__Assignment__.
One number is all that is asked for: the number of lines below that hold the string "blast".

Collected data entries
****************************************
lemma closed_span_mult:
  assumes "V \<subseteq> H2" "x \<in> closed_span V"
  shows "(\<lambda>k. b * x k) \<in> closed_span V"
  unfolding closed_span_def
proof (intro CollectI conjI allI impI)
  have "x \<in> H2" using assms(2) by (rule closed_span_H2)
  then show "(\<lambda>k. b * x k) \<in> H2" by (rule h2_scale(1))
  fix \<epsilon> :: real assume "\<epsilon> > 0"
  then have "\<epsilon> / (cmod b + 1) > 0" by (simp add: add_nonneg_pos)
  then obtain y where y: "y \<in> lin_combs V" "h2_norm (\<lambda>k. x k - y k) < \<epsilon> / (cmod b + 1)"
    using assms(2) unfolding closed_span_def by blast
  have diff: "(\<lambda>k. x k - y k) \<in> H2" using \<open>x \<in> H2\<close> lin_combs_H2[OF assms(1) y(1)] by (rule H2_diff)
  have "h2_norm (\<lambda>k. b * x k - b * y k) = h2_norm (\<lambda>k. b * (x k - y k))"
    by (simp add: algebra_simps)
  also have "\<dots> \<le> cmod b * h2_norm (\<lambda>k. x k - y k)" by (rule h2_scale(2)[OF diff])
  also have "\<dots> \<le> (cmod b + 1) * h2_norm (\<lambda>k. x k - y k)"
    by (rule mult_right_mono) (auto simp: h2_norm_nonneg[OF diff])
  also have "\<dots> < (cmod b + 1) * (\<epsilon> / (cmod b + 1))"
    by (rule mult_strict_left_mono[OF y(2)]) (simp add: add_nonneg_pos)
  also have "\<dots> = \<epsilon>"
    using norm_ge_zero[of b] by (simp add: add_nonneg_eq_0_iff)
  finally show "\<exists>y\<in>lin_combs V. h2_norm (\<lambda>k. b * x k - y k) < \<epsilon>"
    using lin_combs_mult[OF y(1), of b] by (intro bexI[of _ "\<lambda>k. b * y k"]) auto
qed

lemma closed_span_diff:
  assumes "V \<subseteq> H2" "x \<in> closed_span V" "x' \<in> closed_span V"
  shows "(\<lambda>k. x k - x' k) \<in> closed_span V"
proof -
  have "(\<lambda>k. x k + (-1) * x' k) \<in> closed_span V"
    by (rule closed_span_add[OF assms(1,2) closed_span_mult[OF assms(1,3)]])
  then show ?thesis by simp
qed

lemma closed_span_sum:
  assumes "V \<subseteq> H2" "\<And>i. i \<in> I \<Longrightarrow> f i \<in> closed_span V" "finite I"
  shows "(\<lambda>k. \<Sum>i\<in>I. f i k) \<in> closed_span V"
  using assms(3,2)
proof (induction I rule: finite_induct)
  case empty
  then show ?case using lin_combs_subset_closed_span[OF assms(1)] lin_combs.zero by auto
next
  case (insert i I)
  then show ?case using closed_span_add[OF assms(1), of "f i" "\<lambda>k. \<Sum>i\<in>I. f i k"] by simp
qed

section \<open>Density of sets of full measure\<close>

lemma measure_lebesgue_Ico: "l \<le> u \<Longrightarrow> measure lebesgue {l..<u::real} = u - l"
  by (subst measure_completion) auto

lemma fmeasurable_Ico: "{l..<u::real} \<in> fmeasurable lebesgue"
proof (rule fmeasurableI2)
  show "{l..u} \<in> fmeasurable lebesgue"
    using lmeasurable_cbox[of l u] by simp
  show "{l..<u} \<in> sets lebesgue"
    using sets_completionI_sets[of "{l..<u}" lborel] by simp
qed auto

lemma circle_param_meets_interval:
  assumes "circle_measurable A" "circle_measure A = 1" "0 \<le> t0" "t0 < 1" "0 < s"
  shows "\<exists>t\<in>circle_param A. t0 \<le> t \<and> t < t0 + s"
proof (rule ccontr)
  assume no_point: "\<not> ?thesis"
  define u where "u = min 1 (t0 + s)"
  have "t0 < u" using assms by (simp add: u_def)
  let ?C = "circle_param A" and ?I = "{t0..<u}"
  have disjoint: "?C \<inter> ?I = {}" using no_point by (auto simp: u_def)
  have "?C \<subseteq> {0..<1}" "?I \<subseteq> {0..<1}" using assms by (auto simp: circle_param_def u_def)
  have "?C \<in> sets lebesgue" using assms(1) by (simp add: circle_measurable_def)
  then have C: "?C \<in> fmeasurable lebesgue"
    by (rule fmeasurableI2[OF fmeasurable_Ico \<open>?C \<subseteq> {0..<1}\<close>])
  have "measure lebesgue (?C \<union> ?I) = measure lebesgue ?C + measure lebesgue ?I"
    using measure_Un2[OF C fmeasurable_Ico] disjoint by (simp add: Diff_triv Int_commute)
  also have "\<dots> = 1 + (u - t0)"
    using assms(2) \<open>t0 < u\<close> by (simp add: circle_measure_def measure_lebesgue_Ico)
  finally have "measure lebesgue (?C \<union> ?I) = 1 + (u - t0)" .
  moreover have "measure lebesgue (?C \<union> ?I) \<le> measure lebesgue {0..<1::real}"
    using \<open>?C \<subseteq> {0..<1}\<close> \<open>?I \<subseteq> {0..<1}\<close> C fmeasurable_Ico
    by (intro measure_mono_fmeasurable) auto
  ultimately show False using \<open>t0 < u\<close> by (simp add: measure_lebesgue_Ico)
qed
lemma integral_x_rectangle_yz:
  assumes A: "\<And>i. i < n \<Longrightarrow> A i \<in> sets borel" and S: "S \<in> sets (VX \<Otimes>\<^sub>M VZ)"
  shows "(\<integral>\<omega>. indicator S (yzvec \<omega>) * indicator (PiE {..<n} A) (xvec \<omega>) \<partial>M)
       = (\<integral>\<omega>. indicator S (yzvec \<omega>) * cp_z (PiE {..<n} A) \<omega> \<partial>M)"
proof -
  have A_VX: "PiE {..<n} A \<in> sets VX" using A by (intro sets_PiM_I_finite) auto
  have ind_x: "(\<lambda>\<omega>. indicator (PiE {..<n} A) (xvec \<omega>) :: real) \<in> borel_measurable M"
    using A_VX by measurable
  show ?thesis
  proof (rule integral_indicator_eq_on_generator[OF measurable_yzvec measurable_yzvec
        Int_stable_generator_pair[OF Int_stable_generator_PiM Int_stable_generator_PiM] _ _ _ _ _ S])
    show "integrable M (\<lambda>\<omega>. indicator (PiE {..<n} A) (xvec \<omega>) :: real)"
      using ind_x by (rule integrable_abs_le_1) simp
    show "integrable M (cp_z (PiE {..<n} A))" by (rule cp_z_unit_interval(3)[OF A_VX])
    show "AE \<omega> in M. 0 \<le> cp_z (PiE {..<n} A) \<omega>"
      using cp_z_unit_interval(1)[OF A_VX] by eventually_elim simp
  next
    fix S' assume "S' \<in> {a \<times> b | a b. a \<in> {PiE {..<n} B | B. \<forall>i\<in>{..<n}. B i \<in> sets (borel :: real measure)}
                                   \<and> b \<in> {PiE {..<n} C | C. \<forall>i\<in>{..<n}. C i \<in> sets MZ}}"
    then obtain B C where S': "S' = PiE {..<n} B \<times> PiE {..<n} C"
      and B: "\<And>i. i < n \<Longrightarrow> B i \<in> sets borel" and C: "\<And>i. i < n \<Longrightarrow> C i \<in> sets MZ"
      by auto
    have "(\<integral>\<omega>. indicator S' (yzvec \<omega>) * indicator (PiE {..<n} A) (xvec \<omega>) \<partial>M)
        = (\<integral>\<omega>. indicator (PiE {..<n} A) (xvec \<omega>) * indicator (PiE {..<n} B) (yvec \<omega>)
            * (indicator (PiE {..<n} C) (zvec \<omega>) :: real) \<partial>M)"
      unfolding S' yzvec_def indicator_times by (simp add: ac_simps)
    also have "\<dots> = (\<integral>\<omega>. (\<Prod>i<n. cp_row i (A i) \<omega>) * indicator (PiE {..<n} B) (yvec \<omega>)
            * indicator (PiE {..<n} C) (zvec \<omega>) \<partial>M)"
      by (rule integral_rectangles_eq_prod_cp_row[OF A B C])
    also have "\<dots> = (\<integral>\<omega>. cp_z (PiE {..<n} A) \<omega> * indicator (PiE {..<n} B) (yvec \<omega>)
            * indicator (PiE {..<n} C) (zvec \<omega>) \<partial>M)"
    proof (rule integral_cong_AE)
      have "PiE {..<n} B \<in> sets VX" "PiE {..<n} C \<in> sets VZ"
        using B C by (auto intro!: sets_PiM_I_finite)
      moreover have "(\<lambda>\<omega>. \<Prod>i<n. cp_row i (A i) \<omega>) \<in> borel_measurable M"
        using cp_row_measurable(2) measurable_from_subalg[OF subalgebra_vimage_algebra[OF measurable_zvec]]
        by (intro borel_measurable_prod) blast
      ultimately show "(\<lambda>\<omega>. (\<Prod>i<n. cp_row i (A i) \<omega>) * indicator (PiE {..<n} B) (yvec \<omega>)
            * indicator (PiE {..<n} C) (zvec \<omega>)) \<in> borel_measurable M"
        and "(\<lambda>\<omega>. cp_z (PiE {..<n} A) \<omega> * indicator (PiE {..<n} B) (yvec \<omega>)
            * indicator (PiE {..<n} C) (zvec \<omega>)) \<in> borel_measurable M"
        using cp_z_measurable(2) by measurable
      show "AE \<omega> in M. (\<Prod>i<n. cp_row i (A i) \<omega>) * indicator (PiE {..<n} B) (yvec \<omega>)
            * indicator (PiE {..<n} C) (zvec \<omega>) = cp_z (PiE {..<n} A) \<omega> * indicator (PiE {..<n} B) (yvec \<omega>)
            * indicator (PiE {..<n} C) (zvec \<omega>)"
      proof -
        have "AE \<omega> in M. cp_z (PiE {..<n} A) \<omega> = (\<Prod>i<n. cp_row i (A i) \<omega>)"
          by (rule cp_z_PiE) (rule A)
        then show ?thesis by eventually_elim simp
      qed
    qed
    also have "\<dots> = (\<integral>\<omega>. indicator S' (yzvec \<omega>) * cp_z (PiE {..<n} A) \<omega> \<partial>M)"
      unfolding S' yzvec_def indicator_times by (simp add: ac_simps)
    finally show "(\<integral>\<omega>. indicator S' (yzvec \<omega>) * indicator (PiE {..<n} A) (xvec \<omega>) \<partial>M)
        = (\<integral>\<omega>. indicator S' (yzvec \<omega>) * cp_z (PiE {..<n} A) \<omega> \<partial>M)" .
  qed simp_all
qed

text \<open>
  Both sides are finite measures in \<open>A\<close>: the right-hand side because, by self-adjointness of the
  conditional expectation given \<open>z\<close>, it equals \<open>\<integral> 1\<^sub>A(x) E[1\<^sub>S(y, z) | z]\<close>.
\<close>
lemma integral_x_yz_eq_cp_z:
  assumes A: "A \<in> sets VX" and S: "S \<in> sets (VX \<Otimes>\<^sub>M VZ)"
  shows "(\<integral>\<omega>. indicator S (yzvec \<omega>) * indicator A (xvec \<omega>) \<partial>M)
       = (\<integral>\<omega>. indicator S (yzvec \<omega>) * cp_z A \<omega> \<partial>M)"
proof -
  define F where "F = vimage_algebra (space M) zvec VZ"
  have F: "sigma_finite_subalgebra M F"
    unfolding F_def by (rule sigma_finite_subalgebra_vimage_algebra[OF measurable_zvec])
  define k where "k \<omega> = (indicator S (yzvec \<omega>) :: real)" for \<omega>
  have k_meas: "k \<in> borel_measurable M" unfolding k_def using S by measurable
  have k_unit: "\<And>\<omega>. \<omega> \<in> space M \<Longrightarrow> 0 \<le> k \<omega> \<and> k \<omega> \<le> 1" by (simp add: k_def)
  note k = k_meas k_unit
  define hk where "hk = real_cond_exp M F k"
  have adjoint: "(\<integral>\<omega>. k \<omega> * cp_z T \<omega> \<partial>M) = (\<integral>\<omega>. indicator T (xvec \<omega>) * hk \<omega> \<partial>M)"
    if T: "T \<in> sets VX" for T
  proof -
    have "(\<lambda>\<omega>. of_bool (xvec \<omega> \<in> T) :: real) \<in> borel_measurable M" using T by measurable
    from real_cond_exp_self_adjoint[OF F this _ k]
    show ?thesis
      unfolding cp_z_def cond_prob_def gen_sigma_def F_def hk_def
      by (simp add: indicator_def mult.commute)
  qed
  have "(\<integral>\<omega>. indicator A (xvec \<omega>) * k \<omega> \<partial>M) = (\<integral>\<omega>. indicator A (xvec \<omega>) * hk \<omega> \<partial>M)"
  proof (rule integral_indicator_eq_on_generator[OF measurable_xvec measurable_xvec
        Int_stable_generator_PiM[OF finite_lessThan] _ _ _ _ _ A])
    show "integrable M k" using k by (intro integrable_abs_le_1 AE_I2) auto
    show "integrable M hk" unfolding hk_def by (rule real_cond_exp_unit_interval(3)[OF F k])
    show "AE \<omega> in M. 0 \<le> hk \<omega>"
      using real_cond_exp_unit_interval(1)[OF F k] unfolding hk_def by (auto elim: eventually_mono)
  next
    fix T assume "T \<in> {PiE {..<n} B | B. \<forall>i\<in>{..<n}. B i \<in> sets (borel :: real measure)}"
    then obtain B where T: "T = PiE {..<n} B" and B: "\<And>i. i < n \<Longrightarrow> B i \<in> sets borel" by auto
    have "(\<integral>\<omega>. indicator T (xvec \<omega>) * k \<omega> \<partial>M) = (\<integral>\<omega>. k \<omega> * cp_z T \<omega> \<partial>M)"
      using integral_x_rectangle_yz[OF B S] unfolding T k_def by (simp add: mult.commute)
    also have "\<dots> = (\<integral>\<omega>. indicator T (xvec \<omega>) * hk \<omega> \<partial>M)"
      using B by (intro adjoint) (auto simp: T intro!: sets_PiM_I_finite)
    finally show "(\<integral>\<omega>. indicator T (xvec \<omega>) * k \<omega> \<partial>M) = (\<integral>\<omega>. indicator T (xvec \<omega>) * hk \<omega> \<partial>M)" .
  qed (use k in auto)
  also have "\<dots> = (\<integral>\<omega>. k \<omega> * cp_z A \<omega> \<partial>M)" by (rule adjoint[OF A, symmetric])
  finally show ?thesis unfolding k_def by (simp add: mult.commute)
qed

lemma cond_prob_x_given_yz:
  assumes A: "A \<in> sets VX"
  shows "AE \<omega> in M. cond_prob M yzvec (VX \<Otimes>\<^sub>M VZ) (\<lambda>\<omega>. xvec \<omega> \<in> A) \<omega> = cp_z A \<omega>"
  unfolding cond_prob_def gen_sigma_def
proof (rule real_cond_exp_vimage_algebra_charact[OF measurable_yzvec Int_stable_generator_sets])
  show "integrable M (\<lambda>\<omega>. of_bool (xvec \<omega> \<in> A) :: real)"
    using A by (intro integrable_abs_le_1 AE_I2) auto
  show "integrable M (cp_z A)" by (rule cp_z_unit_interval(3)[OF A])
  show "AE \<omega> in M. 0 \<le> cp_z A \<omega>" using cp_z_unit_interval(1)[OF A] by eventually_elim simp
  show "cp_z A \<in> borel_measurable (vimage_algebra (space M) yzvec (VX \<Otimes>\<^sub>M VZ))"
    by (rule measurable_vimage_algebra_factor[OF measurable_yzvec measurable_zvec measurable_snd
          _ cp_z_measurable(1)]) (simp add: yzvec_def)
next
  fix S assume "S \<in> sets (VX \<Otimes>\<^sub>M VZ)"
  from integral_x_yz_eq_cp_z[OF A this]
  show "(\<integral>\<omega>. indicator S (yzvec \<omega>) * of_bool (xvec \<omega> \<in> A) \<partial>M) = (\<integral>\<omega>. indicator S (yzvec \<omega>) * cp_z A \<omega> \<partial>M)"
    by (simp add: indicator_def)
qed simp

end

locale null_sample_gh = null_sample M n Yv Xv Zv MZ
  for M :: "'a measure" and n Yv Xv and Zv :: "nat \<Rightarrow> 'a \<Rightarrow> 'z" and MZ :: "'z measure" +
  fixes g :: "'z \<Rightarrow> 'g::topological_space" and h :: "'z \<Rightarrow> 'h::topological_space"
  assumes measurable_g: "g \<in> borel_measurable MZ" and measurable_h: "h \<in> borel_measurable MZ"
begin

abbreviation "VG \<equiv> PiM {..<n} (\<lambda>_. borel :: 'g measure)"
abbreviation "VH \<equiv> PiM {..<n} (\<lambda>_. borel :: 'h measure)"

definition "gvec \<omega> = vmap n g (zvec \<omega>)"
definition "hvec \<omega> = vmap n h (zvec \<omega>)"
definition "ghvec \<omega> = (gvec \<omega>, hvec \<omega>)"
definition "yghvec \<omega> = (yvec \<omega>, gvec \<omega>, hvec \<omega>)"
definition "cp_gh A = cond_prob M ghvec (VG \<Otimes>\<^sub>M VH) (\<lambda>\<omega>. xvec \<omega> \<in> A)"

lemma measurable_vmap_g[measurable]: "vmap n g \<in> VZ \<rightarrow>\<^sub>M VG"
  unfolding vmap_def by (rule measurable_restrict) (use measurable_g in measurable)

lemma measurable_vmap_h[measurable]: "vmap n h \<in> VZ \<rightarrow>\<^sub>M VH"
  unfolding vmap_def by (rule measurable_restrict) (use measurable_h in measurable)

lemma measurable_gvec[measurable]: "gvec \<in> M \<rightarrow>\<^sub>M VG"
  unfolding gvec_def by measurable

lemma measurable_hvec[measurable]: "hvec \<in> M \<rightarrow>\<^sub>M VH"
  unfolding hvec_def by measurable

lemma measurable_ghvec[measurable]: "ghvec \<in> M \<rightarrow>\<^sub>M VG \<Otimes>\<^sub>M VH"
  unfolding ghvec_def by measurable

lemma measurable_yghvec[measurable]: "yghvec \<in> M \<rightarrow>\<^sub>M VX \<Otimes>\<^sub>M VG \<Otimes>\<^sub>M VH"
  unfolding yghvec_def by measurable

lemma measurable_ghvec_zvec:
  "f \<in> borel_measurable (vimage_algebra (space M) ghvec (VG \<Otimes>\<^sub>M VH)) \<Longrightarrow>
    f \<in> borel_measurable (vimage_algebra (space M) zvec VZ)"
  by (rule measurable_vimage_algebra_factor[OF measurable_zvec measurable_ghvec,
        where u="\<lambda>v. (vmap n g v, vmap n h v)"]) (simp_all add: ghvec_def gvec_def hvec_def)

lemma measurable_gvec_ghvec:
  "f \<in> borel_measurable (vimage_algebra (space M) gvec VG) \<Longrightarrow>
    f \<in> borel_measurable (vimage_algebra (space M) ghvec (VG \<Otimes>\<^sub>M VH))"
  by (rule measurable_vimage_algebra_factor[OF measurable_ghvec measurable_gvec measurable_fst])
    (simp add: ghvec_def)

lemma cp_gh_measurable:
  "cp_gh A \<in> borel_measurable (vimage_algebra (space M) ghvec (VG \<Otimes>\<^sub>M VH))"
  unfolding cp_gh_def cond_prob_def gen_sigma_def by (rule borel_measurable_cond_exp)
****************************************
__Solution__.
2